Passato del tempo, Biancaneve muore, avvelenata dalla mela: la morte rappresenta un altro
passaggio simbolico, dall’adolescenza alla giovinezza. E’ pronta a diventare moglie, infatti viene
riportata in vita dal principe, che la sposerà e le darà il ruolo definitivo previsto per lei.
Anche la Bella addormentata cade in un sonno magico e, poverina, deve aspettare cento anni prima
che arrivi il principe a svegliarla e diventare anch’essa sposa e principessa. Le fiabe sono affollate
di principesse che aspettano il Principe Azzurro e raccontano con elementare chiarezza quale fosse
il ruolo pensato ed organizzato dal patriarcato per le donne.
Ma non tutte le fiabe hanno protagoniste inconsapevoli ed inerti; ce ne sono molte che, pur
nell’inevitabile esito matrimoniale, raccontano percorsi di consapevolezza o addirittura di disperata
resistenza. Sono, non a caso, fiabe che hanno radici nel mito della Dea, tramandato, come altri miti,
nei racconti popolari delle donne.
Una “tra le più suggestive e misteriose”, come la definisce lo stesso Calvino, si intitola Testa di
Bufala (alleg. pag,2). La testa di bufala è un simbolo della Dea, perché il suo profilo configura la
forma dell’utero e le corna le mezze lune della Dea lunare. E’ una divinità ctonia, che ha signoria e
dimora nel mondo sotterraneo; nella fiaba, infatti, un contadino la trova, zappando, sotto terra. Le
affida sua figlia, che va a vivere con lei.

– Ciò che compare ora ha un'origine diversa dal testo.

lemma subspace_of_eigenspace: "X \<in> carrier_mat n n \<Longrightarrow> subspace_of n (eigenspace n X c)"
  unfolding subspace_of_def eigenspace_def
  by (auto intro!: eq_vecI simp: mult_add_distrib_mat_vec mult_mat_vec algebra_simps)

lemma subspace_of_img:
  assumes M: "M \<in> carrier_mat n n"
  shows "subspace_of n (img n (M :: 'a::field mat))"
  unfolding subspace_of_def
proof (intro conjI ballI allI)
  show "img n M \<subseteq> carrier_vec n"
    using M unfolding img_def by auto
  show "0\<^sub>v n \<in> img n M"
    using mult_mat_vec_zero[OF M] unfolding img_def by (metis (mono_tags) mem_Collect_eq zero_carrier_vec)
  show "v + w \<in> img n M" if "v \<in> img n M" "w \<in> img n M" for v w
    using that M unfolding img_def by (force simp: mult_add_distrib_mat_vec[symmetric])
  show "c \<cdot>\<^sub>v v \<in> img n M" if "v \<in> img n M" for c v
    using that M unfolding img_def by (force simp: mult_mat_vec[symmetric])
qed

lemma subspace_of_mat_preimage:
  "M \<in> carrier_mat n n \<Longrightarrow> subspace_of n W \<Longrightarrow> subspace_of n {v \<in> carrier_vec n. M *\<^sub>v v \<in> (W :: 'a::field vec set)}"
  unfolding subspace_of_def by (auto simp: mult_add_distrib_mat_vec mult_mat_vec mult_mat_vec_zero)

lemma subspace_of_mat_agree:
  assumes "M \<in> carrier_mat n n" and "N \<in> carrier_mat n n"
  shows "subspace_of n {v \<in> carrier_vec n. M *\<^sub>v v = N *\<^sub>v (v :: 'a::field vec)}"
  using assms unfolding subspace_of_def by (auto simp: mult_add_distrib_mat_vec mult_mat_vec mult_mat_vec_zero)

lemma finsum_vec_in_subspace:
  assumes W: "subspace_of n W" and "finite S" and "\<And>j. j \<in> S \<Longrightarrow> f j \<in> W"
  shows "finsum_vec TYPE('a::field) n f S \<in> W"
  using assms(2,3)
proof (induction S rule: finite_induct)
  case empty
  then show ?case using subspace_of_zero[OF W] by (simp add: finsum_vec_empty)
next
  case (insert j S)
  then have "f \<in> S \<rightarrow> carrier_vec n" "f j \<in> carrier_vec n"
    using subspace_of_carrier[OF W] by auto
  with insert show ?case
    by (simp add: finsum_vec_insert subspace_of_add[OF W])
qed

lemma subspace_of_mat_finsum_fixed:
  assumes S: "finite S" and E: "\<And>k. k \<in> S \<Longrightarrow> E k \<in> carrier_mat n n"
  shows "subspace_of n {v \<in> carrier_vec n. finsum_vec TYPE('a::field) n (\<lambda>k. E k *\<^sub>v v) S = v}"
    (is "subspace_of n ?T")
  unfolding subspace_of_def
proof (intro conjI ballI allI)
  have E_mult: "E k *\<^sub>v x \<in> carrier_vec n" if "k \<in> S" "x \<in> carrier_vec n" for k x
    using E[OF that(1)] that(2) by simp
  have "finsum_vec TYPE('a) n (\<lambda>k. E k *\<^sub>v 0\<^sub>v n) S = finsum_vec TYPE('a) n (\<lambda>_. 0\<^sub>v n) S"
    using S E by (intro finsum_vec_cong) (auto simp: mult_mat_vec_zero[OF E])
  then show "0\<^sub>v n \<in> ?T"
    using S by (simp add: finsum_vec_zero)
  fix v w assume v: "v \<in> ?T" and w: "w \<in> ?T"
  have "finsum_vec TYPE('a) n (\<lambda>k. E k *\<^sub>v (v + w)) S = finsum_vec TYPE('a) n (\<lambda>k. E k *\<^sub>v v + E k *\<^sub>v w) S"
    using S v w by (intro finsum_vec_cong) (auto simp: mult_add_distrib_mat_vec[OF E] E_mult)
  also have "\<dots> = v + w"
    using S v w by (subst finsum_vec_add) (auto simp: E_mult)
  finally show "v + w \<in> ?T"
    using v w by simp
next
  fix c v assume v: "v \<in> ?T"
  have E_mult: "E k *\<^sub>v v \<in> carrier_vec n" if "k \<in> S" for k
    using E[OF that] v by simp
  have "finsum_vec TYPE('a) n (\<lambda>k. E k *\<^sub>v (c \<cdot>\<^sub>v v)) S = finsum_vec TYPE('a) n (\<lambda>k. c \<cdot>\<^sub>v (E k *\<^sub>v v)) S"
    using S v by (intro finsum_vec_cong) (auto simp: mult_mat_vec[OF E] E_mult)
  also have "\<dots> = c \<cdot>\<^sub>v v"
    using S v by (subst finsum_vec_smult) (auto simp: E_mult)
  finally show "c \<cdot>\<^sub>v v \<in> ?T"
    using v by simp
qed auto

Testa di Bufala fa da madre alla ragazza e lei la chiama mamma; le insegna a prendersi cura della
casa e a cucinare, le fa anche da maestra e le insegna a leggere e a scrivere. Quando la ragazza
cresce, manifesta il desiderio di uscire nel mondo di fuori e la madre, pur se a malincuore,
acconsente e le dona una veste d’argento. Si trova a passare l’inevitabile principe che ovviamente si
innamora e la vuole sposare; lei ridiscende e chiede il permesso alla madre, che glielo concede,
raccomandandole di non essere ingrata, di ricordarsi sempre che tutto quello che ha avuto lo deve a
lei e di non dimenticare niente, perché se no le potrà succedere qualche disgrazia. Lei per la fretta
va via senza nemmeno salutarla e senza ascoltare le sue parole. Tremenda è la punizione della
madre: la ragazza si guarda allo specchio e si ritrova la testa di bufala. Andata via, deve affrontare
difficilissime prove per poter sposare il principe e ogni volta va a chiedere aiuto alla madre che le
fornisce i mezzi per superarle. Finalmente la giovane capisce il suo errore e le chiede perdono.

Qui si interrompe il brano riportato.